**Assignment:** Within the entries below, find the portion that opens with the line containing "and j assume" and closes with the line containing "using linear_compose_lambda[OF _". Retype that portion exactly and only.

(Stored items)
* * *
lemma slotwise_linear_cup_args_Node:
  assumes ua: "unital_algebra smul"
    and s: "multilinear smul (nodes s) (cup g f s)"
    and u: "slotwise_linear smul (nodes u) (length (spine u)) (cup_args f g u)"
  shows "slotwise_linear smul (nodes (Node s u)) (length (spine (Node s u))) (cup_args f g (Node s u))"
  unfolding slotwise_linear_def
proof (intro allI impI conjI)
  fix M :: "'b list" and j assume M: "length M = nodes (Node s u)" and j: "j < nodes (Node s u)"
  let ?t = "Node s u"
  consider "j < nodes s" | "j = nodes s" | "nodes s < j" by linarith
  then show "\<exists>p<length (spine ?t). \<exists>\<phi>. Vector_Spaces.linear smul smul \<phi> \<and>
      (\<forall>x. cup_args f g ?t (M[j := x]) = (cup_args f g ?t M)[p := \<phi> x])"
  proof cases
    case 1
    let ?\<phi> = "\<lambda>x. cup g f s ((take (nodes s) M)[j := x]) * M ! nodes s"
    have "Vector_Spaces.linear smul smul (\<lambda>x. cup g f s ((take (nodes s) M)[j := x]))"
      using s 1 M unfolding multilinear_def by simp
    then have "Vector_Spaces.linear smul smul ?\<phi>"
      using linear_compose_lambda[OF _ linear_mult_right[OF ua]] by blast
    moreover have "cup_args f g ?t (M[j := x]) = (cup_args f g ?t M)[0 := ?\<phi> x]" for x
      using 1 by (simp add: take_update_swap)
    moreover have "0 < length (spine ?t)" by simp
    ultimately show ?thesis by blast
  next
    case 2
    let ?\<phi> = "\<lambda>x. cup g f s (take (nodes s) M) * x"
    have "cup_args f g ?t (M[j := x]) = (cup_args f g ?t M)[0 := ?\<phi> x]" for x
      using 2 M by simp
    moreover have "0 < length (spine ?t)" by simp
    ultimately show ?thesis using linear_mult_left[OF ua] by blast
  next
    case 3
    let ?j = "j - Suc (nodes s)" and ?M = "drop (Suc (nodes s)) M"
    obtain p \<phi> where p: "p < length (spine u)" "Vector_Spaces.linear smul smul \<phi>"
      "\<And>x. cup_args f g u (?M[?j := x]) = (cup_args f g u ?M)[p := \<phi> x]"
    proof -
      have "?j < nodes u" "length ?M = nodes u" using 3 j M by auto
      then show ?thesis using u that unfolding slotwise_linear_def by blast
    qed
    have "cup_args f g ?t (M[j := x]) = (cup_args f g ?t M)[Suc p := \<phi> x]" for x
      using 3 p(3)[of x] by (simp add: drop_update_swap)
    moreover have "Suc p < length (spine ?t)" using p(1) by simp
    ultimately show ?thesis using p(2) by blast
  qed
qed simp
* * *
**Answer below:**
  fix M :: "'b list" and j assume M: "length M = nodes (Node s u)" and j: "j < nodes (Node s u)"
  let ?t = "Node s u"
  consider "j < nodes s" | "j = nodes s" | "nodes s < j" by linarith
  then show "\<exists>p<length (spine ?t). \<exists>\<phi>. Vector_Spaces.linear smul smul \<phi> \<and>
      (\<forall>x. cup_args f g ?t (M[j := x]) = (cup_args f g ?t M)[p := \<phi> x])"
  proof cases
    case 1
    let ?\<phi> = "\<lambda>x. cup g f s ((take (nodes s) M)[j := x]) * M ! nodes s"
    have "Vector_Spaces.linear smul smul (\<lambda>x. cup g f s ((take (nodes s) M)[j := x]))"
      using s 1 M unfolding multilinear_def by simp
    then have "Vector_Spaces.linear smul smul ?\<phi>"
      using linear_compose_lambda[OF _ linear_mult_right[OF ua]] by blast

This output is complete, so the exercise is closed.